Alexei Alexandrovich came back from his meeting at four o’clock, but as often happened, he had not time to come in to her. Later they dined together, and after dinner Anna sat down at the hearth to write a letter to Dolly, and waited for her husband. Precisely at twelve o’clock, when Anna was still sitting at her writing table, she heard the sound of measured steps in slippers, and Alexei Alexandrovich, freshly washed and combed, his faceplate glinting in the hearth light, came in to her.

“He’s a good man, truthful, good-hearted, and remarkable in his own line,” Anna whispered to Android Karenina, as her husband approached. “And really, the visible half of his face is handsome in its way.”

“It’s time, it’s time,” he said, with a meaningful smile; his right eye zoomed slowly toward her, its lens opening visibly, before he went into their bedroom.

“And what right had he to look at him like that?” Anna said to her android, recalling Vronsky’s glance at Alexei Alexandrovich.

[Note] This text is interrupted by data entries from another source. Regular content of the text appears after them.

lemma span_rate_le_SUP_local_entropy:
  assumes flow: "is_flow X d phi" and "X \<noteq> {}" "eps > 0"
  shows "span_rate X d phi X eps \<le> (SUP x\<in>X. local_entropy X d phi x eps)"
proof (rule dense_ge)
  interpret Metric_space X d using flow by (simp add: is_flow_def)
  fix y assume y: "(SUP x\<in>X. local_entropy X d phi x eps) < y"
  have "\<forall>x\<in>X. \<exists>K. closedin mtopology K \<and> x \<in> mtopology interior_of K \<and> span_rate X d phi K eps < y"
  proof
    fix x assume "x \<in> X"
    with y have "local_entropy X d phi x eps < y"
      by (meson SUP_upper le_less_trans)
    then show "\<exists>K. closedin mtopology K \<and> x \<in> mtopology interior_of K \<and> span_rate X d phi K eps < y"
      unfolding local_entropy_def INF_less_iff by auto
  qed
  from bchoice[OF this] obtain K where K: "\<forall>x\<in>X. closedin mtopology (K x) \<and>
      x \<in> mtopology interior_of (K x) \<and> span_rate X d phi (K x) eps < y"
    by blast
  have "compact_space mtopology"
    using flow by (simp add: is_flow_def)
  then obtain D where D: "finite D" "D \<subseteq> X" "X \<subseteq> (\<Union>x\<in>D. mtopology interior_of (K x))"
    by (rule compact_space_finite_point_cover[of mtopology "\<lambda>x. mtopology interior_of (K x)"])
       (use K in auto)
  have KX: "K x \<subseteq> X" if "x \<in> D" for x
    using K D(2) that closedin_subset[of mtopology "K x"] by auto
  have cover: "X \<subseteq> (\<Union>x\<in>D. K x)"
    using D(3) UN_mono[OF order.refl interior_of_subset] by (rule order_trans)
  with \<open>X \<noteq> {}\<close> have "D \<noteq> {}"
    by auto
  have "span_rate X d phi X eps \<le> (SUP x\<in>D. span_rate X d phi (K x) eps)"
    using span_rate_UN_le[OF flow \<open>eps > 0\<close> D(1) \<open>D \<noteq> {}\<close> KX cover] .
  also have "\<dots> \<le> y"
  proof (rule SUP_least)
    fix x assume "x \<in> D"
    with K D(2) show "span_rate X d phi (K x) eps \<le> y"
      by (meson less_imp_le subsetD)
  qed
  finally show "span_rate X d phi X eps \<le> y" .
qed

lemma SUP_local_entropy_le_span_rate:
  assumes "is_flow X d phi"
  shows "(SUP x\<in>X. local_entropy X d phi x eps) \<le> span_rate X d phi X eps"
proof (rule SUP_least)
  interpret Metric_space X d using assms by (simp add: is_flow_def)
  fix x assume "x \<in> X"
  then show "local_entropy X d phi x eps \<le> span_rate X d phi X eps"
    unfolding local_entropy_def using interior_of_topspace[of mtopology] by (intro INF_lower) auto
qed

lemma span_rate_eq_SUP_local_entropy:
  assumes "is_flow X d phi" "X \<noteq> {}" "eps > 0"
  shows "span_rate X d phi X eps = (SUP x\<in>X. local_entropy X d phi x eps)"
  using span_rate_le_SUP_local_entropy[OF assms] SUP_local_entropy_le_span_rate[OF assms(1)]
  by (rule antisym)

theorem theorem1p4:
  fixes X :: "'a set" and d :: "'a \<Rightarrow> 'a \<Rightarrow> real" and phi :: "real \<Rightarrow> 'a \<Rightarrow> 'a"
  assumes "is_flow X d phi" and "X \<noteq> {}"
  shows "upper_mdim_M X d phi =
           Limsup (at_right 0) (\<lambda>eps. (SUP x\<in>X. local_entropy X d phi x eps) / ereal (ln (1 / eps))) \<and>
         lower_mdim_M X d phi =
           Liminf (at_right 0) (\<lambda>eps. (SUP x\<in>X. local_entropy X d phi x eps) / ereal (ln (1 / eps)))"
proof -
  have "eventually (\<lambda>eps. span_rate X d phi X eps / ereal (ln (1 / eps)) =
      (SUP x\<in>X. local_entropy X d phi x eps) / ereal (ln (1 / eps))) (at_right (0::real))"
    using eventually_at_right_less[of 0]
    by eventually_elim (simp add: span_rate_eq_SUP_local_entropy[OF assms])
  from Limsup_eq[OF this] Liminf_eq[OF this] show ?thesis
    unfolding upper_mdim_M_def lower_mdim_M_def by simp
qed

end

Undressing, she went into the bedroom, and sent Android Karenina, as was appropriate, into Surcease; but her face had none of the eagerness that, during her stay in Moscow, had fairly flashed from her eyes and her smile; on the contrary, now the fire seemed quenched in her, hidden somewhere far away.

PART TWO: VOYAGE OF THE SHCHERBATSKYS

CHAPTER 1

AT THE END OF THE WINTER, in the Shcherbatskys’ house, a consultation was being held, which was to pronounce on the state of Kitty’s health and the measures to be taken to restore her failing strength. It was hoped by her family that she was suffering from nothing worse than a broken heart. But she had been severely ill, and as spring came on she grew worse. A celebrated physician was called in, and, with his valise crammed full of the latest physiolographical instruments, accompanied by an industrious hospital-green Class II with an impressive effector array, he examined the patient.

For more than an hour the doctor ran his Class I physiometers along every inch of Kitty Shcherbatskaya’s naked flesh, carefully working the thread-thin vital-estimators into her windpipe and the chambers of her ears, listening with his echolocater pressed against the sides of her skull. Throughout this invasive and degrading process, Princess Shcherbatskaya, the patient’s mother, hovered anxiously at the edges of the room, as did Tatiana, the lithe, balletic Class III who had, as yet, been little used and hardly noticed by her ailing mistress.